**Problem:**
What is needed here is an exact repetition of the records below, beginning at the line that has "N(1) by auto" and stopping after the line that has "then show ?thesis".

(Stored data)
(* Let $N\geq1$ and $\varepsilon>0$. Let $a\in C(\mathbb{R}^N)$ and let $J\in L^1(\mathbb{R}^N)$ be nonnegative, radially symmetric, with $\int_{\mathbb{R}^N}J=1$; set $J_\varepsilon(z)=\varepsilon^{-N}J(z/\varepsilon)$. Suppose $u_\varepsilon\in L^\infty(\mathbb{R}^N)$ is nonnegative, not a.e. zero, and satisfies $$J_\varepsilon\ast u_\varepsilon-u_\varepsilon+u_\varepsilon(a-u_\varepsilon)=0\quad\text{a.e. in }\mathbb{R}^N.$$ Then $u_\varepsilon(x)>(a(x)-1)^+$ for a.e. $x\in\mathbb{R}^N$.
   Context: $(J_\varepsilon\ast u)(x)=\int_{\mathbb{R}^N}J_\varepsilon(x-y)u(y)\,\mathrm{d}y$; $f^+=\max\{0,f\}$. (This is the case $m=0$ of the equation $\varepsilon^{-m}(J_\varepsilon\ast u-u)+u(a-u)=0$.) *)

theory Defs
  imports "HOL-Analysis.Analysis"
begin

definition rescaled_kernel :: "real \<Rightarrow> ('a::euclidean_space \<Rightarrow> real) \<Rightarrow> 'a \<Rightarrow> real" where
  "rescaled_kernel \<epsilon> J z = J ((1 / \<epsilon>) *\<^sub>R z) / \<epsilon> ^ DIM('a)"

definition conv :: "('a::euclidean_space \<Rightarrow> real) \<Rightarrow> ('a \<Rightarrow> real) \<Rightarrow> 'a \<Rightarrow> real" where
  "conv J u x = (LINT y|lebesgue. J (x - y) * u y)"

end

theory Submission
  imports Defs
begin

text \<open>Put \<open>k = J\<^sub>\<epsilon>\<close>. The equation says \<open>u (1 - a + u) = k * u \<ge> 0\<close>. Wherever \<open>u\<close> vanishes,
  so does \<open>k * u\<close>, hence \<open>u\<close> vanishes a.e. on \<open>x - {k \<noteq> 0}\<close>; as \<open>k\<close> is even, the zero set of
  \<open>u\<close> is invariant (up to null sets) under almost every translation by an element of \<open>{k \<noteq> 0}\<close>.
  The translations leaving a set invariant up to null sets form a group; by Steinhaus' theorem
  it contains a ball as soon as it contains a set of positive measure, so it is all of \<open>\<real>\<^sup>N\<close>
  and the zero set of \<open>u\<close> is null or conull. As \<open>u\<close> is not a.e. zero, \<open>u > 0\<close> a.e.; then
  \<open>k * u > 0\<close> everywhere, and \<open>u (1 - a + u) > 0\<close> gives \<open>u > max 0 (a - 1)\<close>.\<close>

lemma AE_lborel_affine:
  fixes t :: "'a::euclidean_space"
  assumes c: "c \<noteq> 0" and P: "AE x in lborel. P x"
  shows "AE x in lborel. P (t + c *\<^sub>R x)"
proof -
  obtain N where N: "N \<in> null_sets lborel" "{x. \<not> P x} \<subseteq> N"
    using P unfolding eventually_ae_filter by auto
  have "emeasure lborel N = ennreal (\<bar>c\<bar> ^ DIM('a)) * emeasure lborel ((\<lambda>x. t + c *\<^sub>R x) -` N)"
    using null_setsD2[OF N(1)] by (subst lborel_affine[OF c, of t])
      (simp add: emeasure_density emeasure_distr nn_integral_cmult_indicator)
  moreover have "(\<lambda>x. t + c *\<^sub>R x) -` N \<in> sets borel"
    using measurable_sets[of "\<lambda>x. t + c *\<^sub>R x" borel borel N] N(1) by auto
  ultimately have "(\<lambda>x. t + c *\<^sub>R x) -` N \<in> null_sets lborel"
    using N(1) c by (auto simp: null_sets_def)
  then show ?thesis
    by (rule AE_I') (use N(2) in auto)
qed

**Exercise output:**
    using measurable_sets[of "\<lambda>x. t + c *\<^sub>R x" borel borel N] N(1) by auto
  ultimately have "(\<lambda>x. t + c *\<^sub>R x) -` N \<in> null_sets lborel"
    using N(1) c by (auto simp: null_sets_def)
  then show ?thesis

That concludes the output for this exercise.